Problem to work on — Go through the entries below and tally each line holding the string "auto". Return the number only.

[Stored records]
----
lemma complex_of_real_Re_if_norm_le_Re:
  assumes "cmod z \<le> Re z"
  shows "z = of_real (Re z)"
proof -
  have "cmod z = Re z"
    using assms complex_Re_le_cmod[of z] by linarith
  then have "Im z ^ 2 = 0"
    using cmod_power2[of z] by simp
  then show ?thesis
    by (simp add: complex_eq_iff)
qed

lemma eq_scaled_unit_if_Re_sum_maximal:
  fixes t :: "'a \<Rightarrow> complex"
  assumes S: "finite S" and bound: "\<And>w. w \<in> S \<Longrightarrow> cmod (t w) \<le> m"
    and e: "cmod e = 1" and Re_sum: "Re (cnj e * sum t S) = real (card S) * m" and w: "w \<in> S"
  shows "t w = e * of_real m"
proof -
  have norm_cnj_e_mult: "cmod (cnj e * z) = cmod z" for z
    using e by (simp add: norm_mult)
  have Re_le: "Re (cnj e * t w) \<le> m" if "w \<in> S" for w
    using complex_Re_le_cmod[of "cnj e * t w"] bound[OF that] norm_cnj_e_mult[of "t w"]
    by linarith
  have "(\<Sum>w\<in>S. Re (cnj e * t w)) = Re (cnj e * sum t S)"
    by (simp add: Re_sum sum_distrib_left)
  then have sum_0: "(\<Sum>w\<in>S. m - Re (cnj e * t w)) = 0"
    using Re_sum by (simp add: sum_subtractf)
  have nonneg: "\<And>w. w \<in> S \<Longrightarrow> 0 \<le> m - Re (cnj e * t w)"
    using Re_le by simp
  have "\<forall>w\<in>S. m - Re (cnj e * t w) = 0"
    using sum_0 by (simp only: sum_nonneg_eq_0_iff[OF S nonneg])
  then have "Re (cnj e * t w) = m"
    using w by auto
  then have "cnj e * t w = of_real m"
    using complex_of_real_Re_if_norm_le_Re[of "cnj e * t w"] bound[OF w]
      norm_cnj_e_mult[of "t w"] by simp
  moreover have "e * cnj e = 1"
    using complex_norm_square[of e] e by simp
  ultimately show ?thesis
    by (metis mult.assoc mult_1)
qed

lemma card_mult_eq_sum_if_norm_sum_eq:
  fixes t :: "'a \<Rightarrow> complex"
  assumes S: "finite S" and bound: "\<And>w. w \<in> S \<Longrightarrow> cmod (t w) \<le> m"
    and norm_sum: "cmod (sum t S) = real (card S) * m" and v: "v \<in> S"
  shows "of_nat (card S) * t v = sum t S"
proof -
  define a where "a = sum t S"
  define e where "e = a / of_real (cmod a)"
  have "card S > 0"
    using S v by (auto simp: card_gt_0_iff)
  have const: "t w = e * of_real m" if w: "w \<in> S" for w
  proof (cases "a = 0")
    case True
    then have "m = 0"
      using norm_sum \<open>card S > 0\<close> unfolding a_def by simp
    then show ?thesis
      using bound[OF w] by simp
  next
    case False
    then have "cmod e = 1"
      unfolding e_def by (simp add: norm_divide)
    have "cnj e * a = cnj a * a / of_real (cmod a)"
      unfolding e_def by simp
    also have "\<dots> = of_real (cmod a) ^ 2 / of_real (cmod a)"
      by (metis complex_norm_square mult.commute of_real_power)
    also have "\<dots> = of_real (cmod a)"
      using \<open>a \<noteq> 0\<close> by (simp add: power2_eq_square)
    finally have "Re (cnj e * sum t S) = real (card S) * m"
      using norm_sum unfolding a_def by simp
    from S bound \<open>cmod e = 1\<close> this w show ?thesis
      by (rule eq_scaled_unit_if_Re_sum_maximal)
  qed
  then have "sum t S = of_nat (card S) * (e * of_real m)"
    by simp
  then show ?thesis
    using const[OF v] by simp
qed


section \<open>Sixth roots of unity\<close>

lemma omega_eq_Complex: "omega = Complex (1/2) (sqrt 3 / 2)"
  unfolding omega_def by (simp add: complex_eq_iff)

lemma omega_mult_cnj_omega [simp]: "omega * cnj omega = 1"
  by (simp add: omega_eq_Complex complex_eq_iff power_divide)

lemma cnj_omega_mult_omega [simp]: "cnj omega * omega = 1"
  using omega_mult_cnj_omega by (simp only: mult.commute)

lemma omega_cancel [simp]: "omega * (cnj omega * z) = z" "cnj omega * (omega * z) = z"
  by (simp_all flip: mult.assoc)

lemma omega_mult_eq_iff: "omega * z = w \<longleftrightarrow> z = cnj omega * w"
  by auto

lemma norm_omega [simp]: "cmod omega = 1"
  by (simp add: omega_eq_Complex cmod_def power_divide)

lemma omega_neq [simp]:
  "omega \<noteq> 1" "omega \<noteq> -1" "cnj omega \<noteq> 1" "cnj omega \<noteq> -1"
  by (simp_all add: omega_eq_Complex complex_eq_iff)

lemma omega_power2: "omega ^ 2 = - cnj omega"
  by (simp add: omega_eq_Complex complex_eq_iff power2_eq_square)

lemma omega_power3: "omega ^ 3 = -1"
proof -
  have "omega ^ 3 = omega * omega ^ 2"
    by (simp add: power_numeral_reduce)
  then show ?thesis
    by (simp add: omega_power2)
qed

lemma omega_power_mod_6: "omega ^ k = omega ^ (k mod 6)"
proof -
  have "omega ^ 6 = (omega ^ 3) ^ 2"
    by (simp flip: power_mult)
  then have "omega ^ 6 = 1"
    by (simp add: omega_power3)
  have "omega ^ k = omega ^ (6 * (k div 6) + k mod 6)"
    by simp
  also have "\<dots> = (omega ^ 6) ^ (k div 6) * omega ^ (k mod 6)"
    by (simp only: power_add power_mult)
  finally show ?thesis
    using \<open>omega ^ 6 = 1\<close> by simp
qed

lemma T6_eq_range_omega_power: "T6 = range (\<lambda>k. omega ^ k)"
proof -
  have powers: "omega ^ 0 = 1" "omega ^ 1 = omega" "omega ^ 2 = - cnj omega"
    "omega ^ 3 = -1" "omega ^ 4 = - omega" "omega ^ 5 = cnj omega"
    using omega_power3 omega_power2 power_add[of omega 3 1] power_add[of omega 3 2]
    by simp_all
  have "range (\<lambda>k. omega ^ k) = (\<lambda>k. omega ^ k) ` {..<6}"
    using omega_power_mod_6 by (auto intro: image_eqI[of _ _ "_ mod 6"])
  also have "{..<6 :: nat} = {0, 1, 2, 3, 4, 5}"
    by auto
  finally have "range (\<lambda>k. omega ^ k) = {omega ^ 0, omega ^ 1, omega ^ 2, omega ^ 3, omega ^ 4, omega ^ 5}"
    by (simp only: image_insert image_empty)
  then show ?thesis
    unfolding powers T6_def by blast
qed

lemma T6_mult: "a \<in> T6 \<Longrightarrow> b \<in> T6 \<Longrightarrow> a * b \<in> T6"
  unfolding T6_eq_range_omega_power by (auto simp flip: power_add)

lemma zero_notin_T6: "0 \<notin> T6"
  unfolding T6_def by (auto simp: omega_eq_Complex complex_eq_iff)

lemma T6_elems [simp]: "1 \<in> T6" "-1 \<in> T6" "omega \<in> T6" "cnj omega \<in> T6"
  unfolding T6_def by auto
----
Expected answer — 8